Stored items:
-=-=-
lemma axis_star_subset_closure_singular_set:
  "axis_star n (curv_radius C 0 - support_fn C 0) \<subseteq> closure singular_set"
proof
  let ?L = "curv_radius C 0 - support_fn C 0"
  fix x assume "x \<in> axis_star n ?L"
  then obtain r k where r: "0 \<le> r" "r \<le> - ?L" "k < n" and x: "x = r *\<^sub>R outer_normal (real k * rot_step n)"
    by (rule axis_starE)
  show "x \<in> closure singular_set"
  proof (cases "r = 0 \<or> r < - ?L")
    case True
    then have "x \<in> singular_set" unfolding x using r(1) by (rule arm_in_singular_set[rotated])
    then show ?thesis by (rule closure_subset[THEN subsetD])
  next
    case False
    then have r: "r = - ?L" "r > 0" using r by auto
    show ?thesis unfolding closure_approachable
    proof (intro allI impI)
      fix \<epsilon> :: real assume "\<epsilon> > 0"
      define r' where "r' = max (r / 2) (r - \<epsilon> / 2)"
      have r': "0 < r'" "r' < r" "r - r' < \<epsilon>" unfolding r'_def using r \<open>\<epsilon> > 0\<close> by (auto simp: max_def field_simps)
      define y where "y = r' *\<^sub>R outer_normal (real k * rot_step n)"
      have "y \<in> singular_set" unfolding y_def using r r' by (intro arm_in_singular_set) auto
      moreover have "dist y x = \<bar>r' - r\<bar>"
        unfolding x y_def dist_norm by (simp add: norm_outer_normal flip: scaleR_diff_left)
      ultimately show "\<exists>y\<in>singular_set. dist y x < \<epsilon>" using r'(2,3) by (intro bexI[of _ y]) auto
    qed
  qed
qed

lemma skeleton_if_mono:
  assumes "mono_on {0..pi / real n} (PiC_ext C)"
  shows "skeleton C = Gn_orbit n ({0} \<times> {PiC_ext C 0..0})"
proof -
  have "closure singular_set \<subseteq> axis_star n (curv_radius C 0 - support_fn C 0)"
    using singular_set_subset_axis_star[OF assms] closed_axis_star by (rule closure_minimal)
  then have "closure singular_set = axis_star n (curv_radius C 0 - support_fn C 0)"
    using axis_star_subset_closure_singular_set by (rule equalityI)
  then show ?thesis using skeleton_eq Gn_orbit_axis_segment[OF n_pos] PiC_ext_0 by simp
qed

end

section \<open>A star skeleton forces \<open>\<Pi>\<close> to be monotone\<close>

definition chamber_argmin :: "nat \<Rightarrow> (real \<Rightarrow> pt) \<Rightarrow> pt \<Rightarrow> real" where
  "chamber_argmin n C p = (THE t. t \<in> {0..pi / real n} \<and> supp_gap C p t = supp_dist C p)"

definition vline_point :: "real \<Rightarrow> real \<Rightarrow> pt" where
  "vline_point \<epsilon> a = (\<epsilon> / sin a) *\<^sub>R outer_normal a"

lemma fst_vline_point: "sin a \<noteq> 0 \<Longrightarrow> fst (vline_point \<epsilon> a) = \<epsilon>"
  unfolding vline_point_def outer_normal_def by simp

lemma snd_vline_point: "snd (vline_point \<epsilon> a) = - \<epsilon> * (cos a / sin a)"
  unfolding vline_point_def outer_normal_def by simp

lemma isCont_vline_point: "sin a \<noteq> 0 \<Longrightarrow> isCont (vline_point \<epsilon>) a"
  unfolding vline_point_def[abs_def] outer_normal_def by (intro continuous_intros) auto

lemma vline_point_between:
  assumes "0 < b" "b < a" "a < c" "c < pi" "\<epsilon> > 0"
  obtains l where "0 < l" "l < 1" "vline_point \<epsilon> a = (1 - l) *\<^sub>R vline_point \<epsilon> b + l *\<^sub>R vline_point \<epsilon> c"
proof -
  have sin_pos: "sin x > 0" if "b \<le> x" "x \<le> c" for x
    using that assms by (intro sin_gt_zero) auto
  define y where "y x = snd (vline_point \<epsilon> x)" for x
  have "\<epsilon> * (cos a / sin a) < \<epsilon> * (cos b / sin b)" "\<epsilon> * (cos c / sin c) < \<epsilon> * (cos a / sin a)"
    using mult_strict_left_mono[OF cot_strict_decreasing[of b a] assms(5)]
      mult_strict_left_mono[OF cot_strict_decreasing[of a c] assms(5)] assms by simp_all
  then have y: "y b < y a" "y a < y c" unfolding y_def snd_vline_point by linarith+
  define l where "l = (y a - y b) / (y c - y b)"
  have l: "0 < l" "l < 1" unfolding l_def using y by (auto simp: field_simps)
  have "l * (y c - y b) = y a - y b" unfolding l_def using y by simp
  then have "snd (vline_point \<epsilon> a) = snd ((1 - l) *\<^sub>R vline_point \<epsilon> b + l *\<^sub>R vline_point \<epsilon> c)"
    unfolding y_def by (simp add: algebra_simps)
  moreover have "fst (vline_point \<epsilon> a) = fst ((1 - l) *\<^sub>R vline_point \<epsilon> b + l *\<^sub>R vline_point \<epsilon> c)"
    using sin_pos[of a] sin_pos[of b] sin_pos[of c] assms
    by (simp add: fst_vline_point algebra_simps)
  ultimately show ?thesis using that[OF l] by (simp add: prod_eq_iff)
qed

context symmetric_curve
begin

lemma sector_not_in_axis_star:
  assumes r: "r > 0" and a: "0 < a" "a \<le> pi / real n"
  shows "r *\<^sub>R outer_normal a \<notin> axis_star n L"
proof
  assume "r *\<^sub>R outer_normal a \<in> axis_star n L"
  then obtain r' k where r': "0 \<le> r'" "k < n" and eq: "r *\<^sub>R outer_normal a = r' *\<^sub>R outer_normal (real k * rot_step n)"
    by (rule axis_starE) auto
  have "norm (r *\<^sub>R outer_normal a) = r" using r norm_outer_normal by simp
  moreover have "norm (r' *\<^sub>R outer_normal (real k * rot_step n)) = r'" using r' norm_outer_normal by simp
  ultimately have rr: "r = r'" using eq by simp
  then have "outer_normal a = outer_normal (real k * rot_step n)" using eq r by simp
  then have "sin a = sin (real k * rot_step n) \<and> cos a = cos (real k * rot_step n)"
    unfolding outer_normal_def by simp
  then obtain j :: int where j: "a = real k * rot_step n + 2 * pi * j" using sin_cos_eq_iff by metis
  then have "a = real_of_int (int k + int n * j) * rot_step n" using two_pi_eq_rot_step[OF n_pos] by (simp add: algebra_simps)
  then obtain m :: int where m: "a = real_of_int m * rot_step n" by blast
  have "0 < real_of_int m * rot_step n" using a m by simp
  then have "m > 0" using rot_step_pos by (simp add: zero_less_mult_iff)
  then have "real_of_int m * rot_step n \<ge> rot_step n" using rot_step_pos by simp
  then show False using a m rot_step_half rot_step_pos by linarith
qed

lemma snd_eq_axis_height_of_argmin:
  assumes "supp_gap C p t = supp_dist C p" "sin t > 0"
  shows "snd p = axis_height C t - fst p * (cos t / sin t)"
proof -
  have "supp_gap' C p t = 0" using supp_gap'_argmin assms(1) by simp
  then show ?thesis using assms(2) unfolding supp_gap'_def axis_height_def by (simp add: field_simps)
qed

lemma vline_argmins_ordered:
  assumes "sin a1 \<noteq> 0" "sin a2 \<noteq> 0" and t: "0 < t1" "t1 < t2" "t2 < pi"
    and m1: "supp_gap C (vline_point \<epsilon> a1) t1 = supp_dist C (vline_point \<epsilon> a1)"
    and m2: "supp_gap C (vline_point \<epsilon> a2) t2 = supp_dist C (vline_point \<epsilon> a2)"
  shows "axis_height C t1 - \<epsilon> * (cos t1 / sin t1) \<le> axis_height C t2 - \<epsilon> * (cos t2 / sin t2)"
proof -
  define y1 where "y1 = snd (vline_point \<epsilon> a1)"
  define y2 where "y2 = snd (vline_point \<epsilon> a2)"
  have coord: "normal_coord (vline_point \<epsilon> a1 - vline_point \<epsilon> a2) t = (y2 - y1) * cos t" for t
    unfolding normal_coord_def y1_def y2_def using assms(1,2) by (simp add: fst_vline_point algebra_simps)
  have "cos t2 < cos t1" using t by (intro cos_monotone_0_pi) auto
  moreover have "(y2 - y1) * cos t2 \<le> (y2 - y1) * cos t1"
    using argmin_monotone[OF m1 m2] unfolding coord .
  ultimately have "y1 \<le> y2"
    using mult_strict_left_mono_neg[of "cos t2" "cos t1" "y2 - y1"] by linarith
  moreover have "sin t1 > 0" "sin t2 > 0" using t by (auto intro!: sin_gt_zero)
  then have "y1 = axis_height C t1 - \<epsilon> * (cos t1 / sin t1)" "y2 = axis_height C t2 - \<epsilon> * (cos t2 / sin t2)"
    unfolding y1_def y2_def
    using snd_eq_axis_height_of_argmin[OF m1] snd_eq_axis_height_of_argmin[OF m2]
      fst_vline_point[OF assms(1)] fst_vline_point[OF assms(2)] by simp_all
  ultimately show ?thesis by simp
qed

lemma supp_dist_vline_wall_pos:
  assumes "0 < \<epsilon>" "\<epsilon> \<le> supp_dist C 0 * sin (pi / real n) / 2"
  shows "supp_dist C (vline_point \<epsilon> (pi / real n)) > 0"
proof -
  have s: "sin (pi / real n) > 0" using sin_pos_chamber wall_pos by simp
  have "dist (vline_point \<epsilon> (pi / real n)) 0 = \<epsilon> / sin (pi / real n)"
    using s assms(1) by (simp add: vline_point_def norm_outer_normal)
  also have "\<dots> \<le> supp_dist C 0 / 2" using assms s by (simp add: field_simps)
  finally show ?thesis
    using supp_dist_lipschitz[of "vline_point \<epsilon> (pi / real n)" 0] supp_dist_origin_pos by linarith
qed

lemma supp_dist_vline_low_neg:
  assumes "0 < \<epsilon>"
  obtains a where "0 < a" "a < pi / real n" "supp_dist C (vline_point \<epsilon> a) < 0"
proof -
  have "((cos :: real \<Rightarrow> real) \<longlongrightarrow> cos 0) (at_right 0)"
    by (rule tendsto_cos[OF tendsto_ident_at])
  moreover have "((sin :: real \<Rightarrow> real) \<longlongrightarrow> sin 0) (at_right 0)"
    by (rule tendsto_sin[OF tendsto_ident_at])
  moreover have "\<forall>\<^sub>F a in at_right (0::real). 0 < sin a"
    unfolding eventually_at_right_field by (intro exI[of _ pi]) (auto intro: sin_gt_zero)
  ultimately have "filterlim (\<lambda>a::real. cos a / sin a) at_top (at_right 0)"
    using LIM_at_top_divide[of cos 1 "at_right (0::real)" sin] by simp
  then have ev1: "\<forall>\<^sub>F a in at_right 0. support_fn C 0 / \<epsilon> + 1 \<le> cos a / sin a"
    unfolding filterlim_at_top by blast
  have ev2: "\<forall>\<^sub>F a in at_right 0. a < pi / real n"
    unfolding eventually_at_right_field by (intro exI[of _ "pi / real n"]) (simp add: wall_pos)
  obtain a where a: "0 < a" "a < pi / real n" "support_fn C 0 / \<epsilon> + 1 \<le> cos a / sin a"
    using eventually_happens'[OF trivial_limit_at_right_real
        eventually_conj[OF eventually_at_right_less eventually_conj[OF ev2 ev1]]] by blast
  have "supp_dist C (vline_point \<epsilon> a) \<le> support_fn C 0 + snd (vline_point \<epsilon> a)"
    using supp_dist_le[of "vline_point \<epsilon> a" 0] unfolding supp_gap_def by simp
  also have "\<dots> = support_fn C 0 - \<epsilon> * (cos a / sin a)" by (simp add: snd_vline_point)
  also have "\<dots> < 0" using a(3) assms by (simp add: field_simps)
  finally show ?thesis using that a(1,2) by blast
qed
-=-=-
● Goal of the exercise
Lines above with the string "that" need to be found and copied.

● Output
    using that assms by (intro sin_gt_zero) auto
  ultimately show ?thesis using that[OF l] by (simp add: prod_eq_iff)
  finally show ?thesis using that a(1,2) by blast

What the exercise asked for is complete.